[Information]

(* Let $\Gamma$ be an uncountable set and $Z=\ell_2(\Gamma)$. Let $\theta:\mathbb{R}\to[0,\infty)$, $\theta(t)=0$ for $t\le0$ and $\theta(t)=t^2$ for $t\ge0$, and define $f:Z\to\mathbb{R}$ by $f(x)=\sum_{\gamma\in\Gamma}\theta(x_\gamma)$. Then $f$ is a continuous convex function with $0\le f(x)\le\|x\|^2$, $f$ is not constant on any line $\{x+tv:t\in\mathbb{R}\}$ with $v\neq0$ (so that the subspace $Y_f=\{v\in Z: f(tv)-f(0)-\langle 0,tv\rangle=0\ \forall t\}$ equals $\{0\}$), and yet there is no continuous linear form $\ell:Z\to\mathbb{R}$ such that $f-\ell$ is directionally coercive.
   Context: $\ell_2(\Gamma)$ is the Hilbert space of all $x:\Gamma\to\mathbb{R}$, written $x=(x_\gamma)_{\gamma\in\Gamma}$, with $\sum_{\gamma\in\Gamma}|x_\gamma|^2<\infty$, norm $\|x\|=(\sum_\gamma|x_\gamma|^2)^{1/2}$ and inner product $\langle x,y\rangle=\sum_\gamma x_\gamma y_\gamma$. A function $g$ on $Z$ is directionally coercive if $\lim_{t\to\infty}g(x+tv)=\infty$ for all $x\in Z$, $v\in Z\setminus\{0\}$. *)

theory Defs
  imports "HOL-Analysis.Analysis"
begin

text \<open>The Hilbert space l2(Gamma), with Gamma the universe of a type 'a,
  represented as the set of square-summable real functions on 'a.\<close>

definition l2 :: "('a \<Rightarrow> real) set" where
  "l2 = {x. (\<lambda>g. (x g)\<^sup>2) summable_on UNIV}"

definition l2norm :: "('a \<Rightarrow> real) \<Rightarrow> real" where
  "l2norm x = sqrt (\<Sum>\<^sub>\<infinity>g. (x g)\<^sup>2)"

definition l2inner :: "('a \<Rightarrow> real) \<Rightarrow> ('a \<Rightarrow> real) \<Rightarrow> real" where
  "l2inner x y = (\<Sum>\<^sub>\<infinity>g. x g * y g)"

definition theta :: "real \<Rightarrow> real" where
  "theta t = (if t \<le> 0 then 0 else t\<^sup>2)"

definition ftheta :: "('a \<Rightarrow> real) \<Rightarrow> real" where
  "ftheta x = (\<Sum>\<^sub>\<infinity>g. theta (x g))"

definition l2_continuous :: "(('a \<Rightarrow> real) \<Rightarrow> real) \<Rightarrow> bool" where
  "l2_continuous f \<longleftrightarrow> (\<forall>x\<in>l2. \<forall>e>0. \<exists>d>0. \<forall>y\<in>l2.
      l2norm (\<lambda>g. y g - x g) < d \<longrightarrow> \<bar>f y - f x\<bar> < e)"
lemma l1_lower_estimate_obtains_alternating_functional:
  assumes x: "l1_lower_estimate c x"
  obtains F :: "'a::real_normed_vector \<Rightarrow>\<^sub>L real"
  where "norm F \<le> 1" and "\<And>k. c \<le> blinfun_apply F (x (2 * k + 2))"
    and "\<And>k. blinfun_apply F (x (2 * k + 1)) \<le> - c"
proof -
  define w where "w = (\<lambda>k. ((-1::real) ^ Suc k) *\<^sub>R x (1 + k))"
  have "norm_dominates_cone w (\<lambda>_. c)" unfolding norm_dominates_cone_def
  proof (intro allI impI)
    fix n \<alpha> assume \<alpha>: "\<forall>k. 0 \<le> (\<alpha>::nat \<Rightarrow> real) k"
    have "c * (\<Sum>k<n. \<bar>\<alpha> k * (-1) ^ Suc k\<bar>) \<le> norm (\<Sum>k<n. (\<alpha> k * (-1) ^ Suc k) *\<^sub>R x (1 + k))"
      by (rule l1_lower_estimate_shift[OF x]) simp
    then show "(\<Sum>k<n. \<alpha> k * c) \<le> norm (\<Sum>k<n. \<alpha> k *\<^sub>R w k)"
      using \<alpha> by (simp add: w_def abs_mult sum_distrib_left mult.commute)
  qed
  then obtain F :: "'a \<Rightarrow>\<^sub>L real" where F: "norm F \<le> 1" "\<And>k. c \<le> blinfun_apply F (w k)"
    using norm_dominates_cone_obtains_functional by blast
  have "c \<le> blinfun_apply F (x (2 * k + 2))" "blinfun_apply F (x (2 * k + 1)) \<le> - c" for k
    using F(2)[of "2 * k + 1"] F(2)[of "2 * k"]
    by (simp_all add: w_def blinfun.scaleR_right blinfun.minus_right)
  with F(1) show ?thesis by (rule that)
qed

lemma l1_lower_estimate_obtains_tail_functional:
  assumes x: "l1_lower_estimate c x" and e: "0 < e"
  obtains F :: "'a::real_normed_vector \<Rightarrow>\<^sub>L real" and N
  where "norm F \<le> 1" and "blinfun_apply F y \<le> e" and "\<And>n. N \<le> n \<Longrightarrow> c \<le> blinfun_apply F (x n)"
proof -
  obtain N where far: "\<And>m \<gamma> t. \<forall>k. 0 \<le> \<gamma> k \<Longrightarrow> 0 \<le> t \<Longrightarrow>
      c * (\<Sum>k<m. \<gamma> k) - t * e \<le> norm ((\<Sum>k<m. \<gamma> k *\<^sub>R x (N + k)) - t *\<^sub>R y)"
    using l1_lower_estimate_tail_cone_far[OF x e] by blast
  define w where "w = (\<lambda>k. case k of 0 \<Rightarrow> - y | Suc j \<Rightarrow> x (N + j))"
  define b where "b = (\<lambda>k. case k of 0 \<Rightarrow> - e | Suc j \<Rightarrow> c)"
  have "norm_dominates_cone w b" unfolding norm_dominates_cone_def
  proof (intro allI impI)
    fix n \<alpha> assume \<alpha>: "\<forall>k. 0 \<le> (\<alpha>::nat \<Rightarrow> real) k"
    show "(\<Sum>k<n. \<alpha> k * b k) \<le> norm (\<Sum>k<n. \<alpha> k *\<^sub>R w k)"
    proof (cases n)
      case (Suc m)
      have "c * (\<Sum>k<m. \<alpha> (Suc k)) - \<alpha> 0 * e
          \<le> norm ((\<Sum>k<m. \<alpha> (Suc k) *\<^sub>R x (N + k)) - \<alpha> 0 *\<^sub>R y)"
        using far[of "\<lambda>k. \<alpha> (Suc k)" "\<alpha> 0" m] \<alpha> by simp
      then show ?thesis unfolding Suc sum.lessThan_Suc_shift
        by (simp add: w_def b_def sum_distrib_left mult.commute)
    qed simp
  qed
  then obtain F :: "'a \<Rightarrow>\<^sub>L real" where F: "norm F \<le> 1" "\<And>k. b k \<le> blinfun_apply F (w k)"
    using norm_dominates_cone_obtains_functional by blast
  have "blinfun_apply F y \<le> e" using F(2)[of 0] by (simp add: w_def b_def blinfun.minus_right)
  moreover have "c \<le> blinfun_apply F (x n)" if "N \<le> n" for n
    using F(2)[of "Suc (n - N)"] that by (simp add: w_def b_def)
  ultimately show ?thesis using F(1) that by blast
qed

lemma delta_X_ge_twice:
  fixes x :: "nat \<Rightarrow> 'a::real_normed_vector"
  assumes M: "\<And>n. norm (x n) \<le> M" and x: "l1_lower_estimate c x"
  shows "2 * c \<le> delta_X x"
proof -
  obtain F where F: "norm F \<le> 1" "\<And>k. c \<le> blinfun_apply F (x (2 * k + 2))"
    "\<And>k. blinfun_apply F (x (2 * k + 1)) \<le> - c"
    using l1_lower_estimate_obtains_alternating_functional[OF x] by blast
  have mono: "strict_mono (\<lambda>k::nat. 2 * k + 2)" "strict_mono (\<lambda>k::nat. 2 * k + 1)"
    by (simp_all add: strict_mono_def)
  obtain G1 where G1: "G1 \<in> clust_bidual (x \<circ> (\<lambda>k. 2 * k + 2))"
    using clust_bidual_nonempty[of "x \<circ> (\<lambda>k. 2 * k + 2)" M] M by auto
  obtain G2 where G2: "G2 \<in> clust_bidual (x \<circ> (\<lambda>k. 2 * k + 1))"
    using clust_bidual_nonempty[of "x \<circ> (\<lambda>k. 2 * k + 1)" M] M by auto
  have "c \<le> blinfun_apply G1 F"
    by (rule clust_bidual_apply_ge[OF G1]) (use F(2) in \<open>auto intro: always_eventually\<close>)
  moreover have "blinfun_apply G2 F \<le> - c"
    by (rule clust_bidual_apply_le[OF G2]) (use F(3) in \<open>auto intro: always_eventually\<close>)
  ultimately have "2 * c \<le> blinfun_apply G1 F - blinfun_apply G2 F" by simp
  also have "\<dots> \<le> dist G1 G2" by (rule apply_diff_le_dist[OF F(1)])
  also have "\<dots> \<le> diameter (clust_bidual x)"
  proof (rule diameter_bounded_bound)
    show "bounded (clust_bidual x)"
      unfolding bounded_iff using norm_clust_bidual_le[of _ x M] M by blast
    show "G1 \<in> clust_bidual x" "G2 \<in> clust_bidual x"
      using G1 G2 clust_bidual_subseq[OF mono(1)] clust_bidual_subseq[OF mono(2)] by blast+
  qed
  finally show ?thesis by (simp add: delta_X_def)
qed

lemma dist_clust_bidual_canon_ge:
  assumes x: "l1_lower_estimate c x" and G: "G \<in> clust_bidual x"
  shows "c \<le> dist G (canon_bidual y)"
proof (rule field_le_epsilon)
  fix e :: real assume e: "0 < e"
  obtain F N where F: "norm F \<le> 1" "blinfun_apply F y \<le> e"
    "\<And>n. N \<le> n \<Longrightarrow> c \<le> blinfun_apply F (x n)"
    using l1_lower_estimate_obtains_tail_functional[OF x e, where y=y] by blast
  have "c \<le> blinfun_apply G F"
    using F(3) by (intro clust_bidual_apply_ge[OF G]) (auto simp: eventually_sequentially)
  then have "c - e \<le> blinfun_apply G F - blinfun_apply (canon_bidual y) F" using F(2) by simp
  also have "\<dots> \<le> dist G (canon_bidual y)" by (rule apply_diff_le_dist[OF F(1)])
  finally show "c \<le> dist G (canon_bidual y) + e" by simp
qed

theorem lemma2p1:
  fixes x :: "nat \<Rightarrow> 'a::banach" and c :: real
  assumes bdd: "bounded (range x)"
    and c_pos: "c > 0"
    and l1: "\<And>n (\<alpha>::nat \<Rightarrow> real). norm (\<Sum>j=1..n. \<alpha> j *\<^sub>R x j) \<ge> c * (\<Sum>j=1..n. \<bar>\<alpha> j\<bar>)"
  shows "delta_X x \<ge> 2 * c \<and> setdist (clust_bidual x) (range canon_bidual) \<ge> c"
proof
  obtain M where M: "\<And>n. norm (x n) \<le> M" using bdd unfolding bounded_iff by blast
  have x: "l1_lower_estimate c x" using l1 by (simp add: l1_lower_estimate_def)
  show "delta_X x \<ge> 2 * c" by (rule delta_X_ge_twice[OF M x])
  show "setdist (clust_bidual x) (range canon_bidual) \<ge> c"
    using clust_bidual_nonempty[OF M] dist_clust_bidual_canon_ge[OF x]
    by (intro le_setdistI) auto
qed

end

[/Information]

* [Directions] Count lines, not occurrences. State how many lines of the entries contain the word "thesis", and add nothing.

* [Task result] 4